### Records from a data collection

- Opening Delimiter -

(* Let $n\ge3$ and $k\ge0$ be integers. Then: (1) If $S$ is a maximal reversible set in $G_n^k$, then $S$ is a maximal independent set in $G_n^k$. (2) If $n>k$ and $S$ is a maximal reversible set in $G_n^k$, then $S$ is a canonical reversible set. (3) If $S$ is a maximal reversible set in $G_n^k$ and $S$ is not a canonical reversible set, then $n\le k$ and \[|S|\le \frac{(k+1)(k+2)}{2}-\frac{n(n-1)}{2}+1.\]
   Context: For integers $n\ge3$, $k\ge0$, the crown $S_n^k$ is the poset with ground set $A\cup B$, $A=\{a_1,\dots,a_{n+k}\}$, $B=\{b_1,\dots,b_{n+k}\}$, indices cyclic modulo $n+k$; elements of $A$ are pairwise incomparable, as are elements of $B$, and $a_i$ is incomparable to $b_j$ when $j\in\{i,i+1,\dots,i+k\}$ (mod $n+k$), while $a_i<b_j$ otherwise. $\mathrm{Inc}(A,B)$ is the set of pairs $(a,b)\in A\times B$ with $a$ incomparable to $b$. The graph $G_n^k$ has vertex set $\mathrm{Inc}(A,B)$, with $(a,b)$ adjacent to $(x,y)$ iff $a<y$ and $x<b$ in $S_n^k$. A set $R\subseteq \mathrm{Inc}(A,B)$ is reversible if there is a linear extension $L$ of $S_n^k$ with $b<a$ in $L$ for all $(a,b)\in R$; a maximal reversible set is one maximal under inclusion among reversible subsets of $\mathrm{Inc}(A,B)$. A subset $X\subseteq A$ is contiguous if it is a block of cyclically consecutive elements of $A$ (the empty set and $A$ count as contiguous). A sequence $\sigma=(x_1,\dots,x_r)$ of distinct elements of $A$ is $h$-contiguous if $\{x_1,\dots,x_i\}$ is contiguous for every $i\le r$. For such $\sigma$, $T(\sigma)$ is defined recursively: it contains every $(x_1,b)\in\mathrm{Inc}(A,B)$, and for $1\le i<r$ it contains $(x_{i+1},b)$ exactly when $(x_{i+1},b)\in\mathrm{Inc}(A,B)$ and $(x_i,b)\in T(\sigma)$. A canonical reversible set is a set of the form $T(\sigma)$ with $\sigma$ an $h$-contiguous sequence of length $k+1$. *)

theory Defs
  imports Main Complex_Main
begin

text \<open>Elements of the crown S_n^k: EA i stands for a_i, EB j for b_j, with indices
  in {0..<n+k} (cyclic modulo n+k).\<close>
datatype elt = EA nat | EB nat

definition setA :: "nat \<Rightarrow> nat \<Rightarrow> elt set" where
  "setA n k = EA ` {..<n+k}"

definition setB :: "nat \<Rightarrow> nat \<Rightarrow> elt set" where
  "setB n k = EB ` {..<n+k}"

definition ground :: "nat \<Rightarrow> nat \<Rightarrow> elt set" where
  "ground n k = setA n k \<union> setB n k"

text \<open>Strict order of the crown: a_i < b_j iff j is not in {i,...,i+k} mod (n+k),
  i.e. iff (j - i) mod (n+k) > k.  No other strict relations.\<close>
definition crown_less :: "nat \<Rightarrow> nat \<Rightarrow> elt \<Rightarrow> elt \<Rightarrow> bool" where
  "crown_less n k x y \<longleftrightarrow>
     (\<exists>i j. x = EA i \<and> y = EB j \<and> i < n+k \<and> j < n+k \<and>
            (j + (n+k) - i) mod (n+k) > k)"

definition incomparable :: "nat \<Rightarrow> nat \<Rightarrow> elt \<Rightarrow> elt \<Rightarrow> bool" where
  "incomparable n k x y \<longleftrightarrow> \<not> crown_less n k x y \<and> \<not> crown_less n k y x"

definition Inc :: "nat \<Rightarrow> nat \<Rightarrow> (elt \<times> elt) set" where
  "Inc n k = {(a, b). a \<in> setA n k \<and> b \<in> setB n k \<and> incomparable n k a b}"

definition adj :: "nat \<Rightarrow> nat \<Rightarrow> elt \<times> elt \<Rightarrow> elt \<times> elt \<Rightarrow> bool" where
  "adj n k u v \<longleftrightarrow> crown_less n k (fst u) (snd v) \<and> crown_less n k (fst v) (snd u)"

definition independent :: "nat \<Rightarrow> nat \<Rightarrow> (elt \<times> elt) set \<Rightarrow> bool" where
  "independent n k S \<longleftrightarrow> S \<subseteq> Inc n k \<and> (\<forall>u\<in>S. \<forall>v\<in>S. \<not> adj n k u v)"

definition maximal_independent :: "nat \<Rightarrow> nat \<Rightarrow> (elt \<times> elt) set \<Rightarrow> bool" where
  "maximal_independent n k S \<longleftrightarrow> independent n k S \<and>
     (\<forall>S'. S \<subseteq> S' \<and> independent n k S' \<longrightarrow> S' = S)"

definition linear_extension :: "nat \<Rightarrow> nat \<Rightarrow> (elt \<times> elt) set \<Rightarrow> bool" where
  "linear_extension n k L \<longleftrightarrow>
     L \<subseteq> ground n k \<times> ground n k \<and>
     (\<forall>x. (x, x) \<notin> L) \<and> trans L \<and>
     (\<forall>x\<in>ground n k. \<forall>y\<in>ground n k. x \<noteq> y \<longrightarrow> (x, y) \<in> L \<or> (y, x) \<in> L) \<and>
     (\<forall>x y. crown_less n k x y \<longrightarrow> (x, y) \<in> L)"

definition reversible :: "nat \<Rightarrow> nat \<Rightarrow> (elt \<times> elt) set \<Rightarrow> bool" where
  "reversible n k R \<longleftrightarrow> R \<subseteq> Inc n k \<and>
     (\<exists>L. linear_extension n k L \<and> (\<forall>(a, b)\<in>R. (b, a) \<in> L))"

definition maximal_reversible :: "nat \<Rightarrow> nat \<Rightarrow> (elt \<times> elt) set \<Rightarrow> bool" where
  "maximal_reversible n k R \<longleftrightarrow> reversible n k R \<and>
     (\<forall>R'. R \<subseteq> R' \<and> reversible n k R' \<longrightarrow> R' = R)"

definition contiguous :: "nat \<Rightarrow> nat \<Rightarrow> elt set \<Rightarrow> bool" where
  "contiguous n k X \<longleftrightarrow> X = {} \<or> X = setA n k \<or>
     (\<exists>s < n+k. \<exists>l \<le> n+k. X = {EA ((s + t) mod (n+k)) | t. t < l})"

definition h_contiguous :: "nat \<Rightarrow> nat \<Rightarrow> elt list \<Rightarrow> bool" where
  "h_contiguous n k \<sigma> \<longleftrightarrow> distinct \<sigma> \<and> set \<sigma> \<subseteq> setA n k \<and>
     (\<forall>i \<le> length \<sigma>. contiguous n k (set (take i \<sigma>)))"

text \<open>Tcol n k \<sigma> i = set of b with (x_{i+1}, b) in T(\<sigma>) (0-based index i), following the
  recursive definition of T(\<sigma>).\<close>
fun Tcol :: "nat \<Rightarrow> nat \<Rightarrow> elt list \<Rightarrow> nat \<Rightarrow> elt set" where
  "Tcol n k \<sigma> 0 = {b. (\<sigma> ! 0, b) \<in> Inc n k}"
| "Tcol n k \<sigma> (Suc i) = {b. (\<sigma> ! Suc i, b) \<in> Inc n k \<and> b \<in> Tcol n k \<sigma> i}"

definition Tset :: "nat \<Rightarrow> nat \<Rightarrow> elt list \<Rightarrow> (elt \<times> elt) set" where
  "Tset n k \<sigma> = {(\<sigma> ! i, b) | i b. i < length \<sigma> \<and> b \<in> Tcol n k \<sigma> i}"

definition canonical_reversible :: "nat \<Rightarrow> nat \<Rightarrow> (elt \<times> elt) set \<Rightarrow> bool" where
  "canonical_reversible n k S \<longleftrightarrow>
     (\<exists>\<sigma>. h_contiguous n k \<sigma> \<and> length \<sigma> = k + 1 \<and> S = Tset n k \<sigma>)"

end

theory Submission
  imports Defs "HOL-Library.Product_Lexorder"
begin

text \<open>
  Write \<open>R\<close> for a maximal reversible set; it consists of all incomparable pairs reversed by some
  linear extension \<open>L\<close>, so it is independent. An incomparable pair outside \<open>R\<close> and adjacent to no
  pair of \<open>R\<close> could be reversed in addition after moving one column down and one row up in
  \<open>L\<close>; hence \<open>R\<close> is a maximal independent set.

  Rank the rows (the elements of \<open>A\<close>) from the top of \<open>L\<close>. A column reversed against a row is
  incomparable to all rows ranked above it, so \<open>R\<close> is controlled by the sets \<open>C(Y\<^sub>t)\<close> of
  columns incomparable to the \<open>t\<close> highest rows \<open>Y\<^sub>t\<close>. The rows comparable to some column of
  \<open>C(Y\<^sub>t)\<close> form a union of cyclic windows of length \<open>n - 1\<close>, disjoint from \<open>Y\<^sub>t\<close>; counting
  its runs gives \<open>|C(Y\<^sub>t)| + t \<le> k + 2\<close>, and \<open>|C(Y\<^sub>t)| + t + n \<le> k + 4\<close> if there are two
  or more runs. In the latter ("fragmented") case \<open>n \<le> k\<close>, and summing over \<open>t\<close> bounds \<open>|R|\<close>.
  Otherwise the rows compatible with \<open>C(Y\<^sub>t)\<close> form a chain of intervals of one cyclic window
  of \<open>k + 1\<close> rows; enumerating this window so that all prefixes are intervals yields an
  \<open>h\<close>-contiguous \<open>\<sigma>\<close> with \<open>R \<subseteq> T(\<sigma>)\<close>, and since \<open>T(\<sigma>)\<close> is reversible, \<open>R = T(\<sigma>)\<close>.
\<close>

section \<open>The crown and its linear extensions\<close>

definition idx_incomparable :: "nat \<Rightarrow> nat \<Rightarrow> nat \<Rightarrow> nat \<Rightarrow> bool" where
  "idx_incomparable n k i j \<longleftrightarrow> (j + (n+k) - i) mod (n+k) \<le> k"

- Closing Delimiter -

### Your assignment
Please state how many lines in the entries above include the string "setB", and write only that number.

### Solution
4